Israelis in Thailand

Total population
- 31,892 Israeli nationals in Thailand (March 10, 2026 Immigration Technology Centre report)

Regions with significant populations
- Ko Pha-ngan, Phuket, Ko Samui

Languages
- Hebrew

= Israelis in Thailand =

Israelis in Thailand or Israeli Thais are citizens or residents of Thailand who were originally from Israel or are of Israeli descent.

== Demographics ==
Thailand is a popular tourist destination for Israeli nationals, with 508,181 Israelis reported visiting Thailand from January to May 2026.

In Islands such as Phuket, Ko Samui, and Ko Pha-ngan, there are numerous businesses operated by Israeli nationals.

== Contemporary issues ==
In February 2025, internet rumors circulated about over 30,000 Israelis living in Pai in Mae Hong Son province in Northern Thailand, leading to a police investigation into foreign nationals living in Pai for alleged illegal activities and public disturbances.

In March 2026, Thailand's immigration bureau denied reports that up to 425,000 foreign nationals, primarily Israelis, were living in Thailand.

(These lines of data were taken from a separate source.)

lemma frac_embed_Fract:
  fixes a b :: "'a::idom"
  assumes "b \<noteq> 0"
  shows "frac_embed (Fract a b) = Fract [:a:] [:b:]"
proof -
  have well_defined: "Fract [:a':] [:b':] = Fract [:a:] [:b:]" if "b' \<noteq> 0" "Fract a b = Fract a' b'" for a' b'
  proof -
    have "a' * b = a * b'" using that assms by (simp add: eq_fract)
    then have "[:a':] * [:b:] = [:a:] * [:b':]" by (simp add: mult.commute)
    then show ?thesis using that assms by (simp add: eq_fract)
  qed
  show ?thesis
    unfolding frac_embed_def by (rule someI2_ex) (use assms in blast, use well_defined in metis)
qed

lemma frac_embed_eq_0_iff: "frac_embed f = 0 \<longleftrightarrow> f = 0"
  by (cases f) (simp add: frac_embed_Fract Fract_eq_0_iff)

lemma coeff_map_poly_derivation: "is_derivation d \<Longrightarrow> coeff (map_poly d p) n = d (coeff p n)"
  by (simp add: coeff_map_poly derivation_0)

lemma map_poly_derivation_const: "is_derivation d \<Longrightarrow> map_poly d [:c:] = [:d c:]"
  by (rule poly_eqI) (simp add: coeff_map_poly_derivation coeff_pCons derivation_0 split: nat.split)

lemma is_derivation_map_poly:
  fixes d :: "'a::comm_ring_1 \<Rightarrow> 'a"
  assumes d: "is_derivation d"
  shows "is_derivation (map_poly d)"
  unfolding is_derivation_def
proof (intro conjI allI)
  fix p q :: "'a poly"
  show "map_poly d (p + q) = map_poly d p + map_poly d q"
    by (rule poly_eqI) (simp add: coeff_map_poly_derivation[OF d] derivation_add[OF d])
  show "map_poly d (p * q) = p * map_poly d q + q * map_poly d p"
  proof (rule poly_eqI)
    fix n
    have "coeff (map_poly d (p * q)) n
        = (\<Sum>i\<le>n. coeff p i * d (coeff q (n - i))) + (\<Sum>i\<le>n. d (coeff p i) * coeff q (n - i))"
      by (simp add: coeff_map_poly_derivation[OF d] coeff_mult derivation_sum[OF d]
          derivation_mult[OF d] sum.distrib mult.commute)
    also have "\<dots> = coeff (p * map_poly d q + q * map_poly d p) n"
      by (simp add: coeff_mult coeff_map_poly_derivation[OF d] mult.commute[of q])
    finally show "coeff (map_poly d (p * q)) n = coeff (p * map_poly d q + q * map_poly d p) n" .
  qed
qed

lemma map_poly_derivation_pderiv: "is_derivation d \<Longrightarrow> map_poly d (pderiv f) = pderiv (map_poly d f)"
  by (rule poly_eqI) (simp only: coeff_map_poly_derivation coeff_pderiv derivation_of_nat_mult)

lemma map_poly_K_derivation_smult:
  assumes "is_K_derivation K d" "c \<in> K"
  shows "map_poly d (smult c f) = smult c (map_poly d f)"
proof (rule poly_eqI)
  have d: "is_derivation d" using assms(1) by (rule is_derivation_if_K_derivation)
  have "d (c * x) = c * d x" for x using assms unfolding is_K_derivation_def by blast
  then show "coeff (map_poly d (smult c f)) n = coeff (smult c (map_poly d f)) n" for n
    by (simp add: coeff_map_poly_derivation[OF d])
qed

lemma frac_deriv_map_poly_frac_embed:
  assumes d: "is_derivation d"
  shows "frac_deriv (map_poly d) (frac_embed f) = frac_embed (frac_deriv d f)"
proof (cases f)
  case (Fract a b)
  then show ?thesis
    by (simp add: frac_embed_Fract frac_deriv_Fract d is_derivation_map_poly
        map_poly_derivation_const poly_const_pow flip: pCons_one)
      (simp add: mult.commute)
qed

section \<open>Fractions of polynomials with vanishing derivative\<close>

lemma lead_coeff_pderiv:
  fixes p :: "'a::{idom,ring_char_0} poly"
  shows "lead_coeff (pderiv p) = of_nat (degree p) * lead_coeff p"
proof (cases "degree p = 0")
  case False
  then have "Suc (degree p - 1) = degree p" by simp
  then show ?thesis by (simp add: degree_pderiv coeff_pderiv)
qed (simp add: pderiv_eq_0_iff)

On March 10, 2026, the Immigration Technology Centre released a report showing approximately 31,892 Israeli nationals were in Thailand, including "both visa-exempt tourists and those holding visas for various reasons, such as business, study and accompanying family members."

On 2 June 2026, ten Israeli nationals were deported from Thailand after suspected of operating illegal businesses in Ko Pha-ngan. On 4 June, an Israeli businessman was detained by Thai authorities after allegedly an illegal studio in the Pai district through nominee arrangements and provided false information in official registration documents. On 6 July, an Israeli was arrested for operating a childcare center without a work permit on Ko Pha-ngan. On 20 August, an Israeli man was fined 5,000 baht by the Ko Samui Provincial Court for making death threats to a Thai woman who was operating a zoo on the island.

== Protests against Israeli tourists==
In 2026, Thai nationalist group Thai Mai Thon and others began a campaign to denounce the perceived misbehavior of Israelis in Thailand. In August 2026, "Save Phuket" a protest of 150 to 200 people in Patong, Phuket against misbehaving tourists, including Israelis, occurred. Demands including limited Israeli tourists to 15 days visa free in Thailand. On 10 September, hundreds of Thais gathered outside of the Israeli Embassy in Bangkok to protest against the behaviour of Israeli tourists, with demonstrators declared that the country was "not for sale" and held signs saying, "Save Thailand" and "This is Not the Promised Land."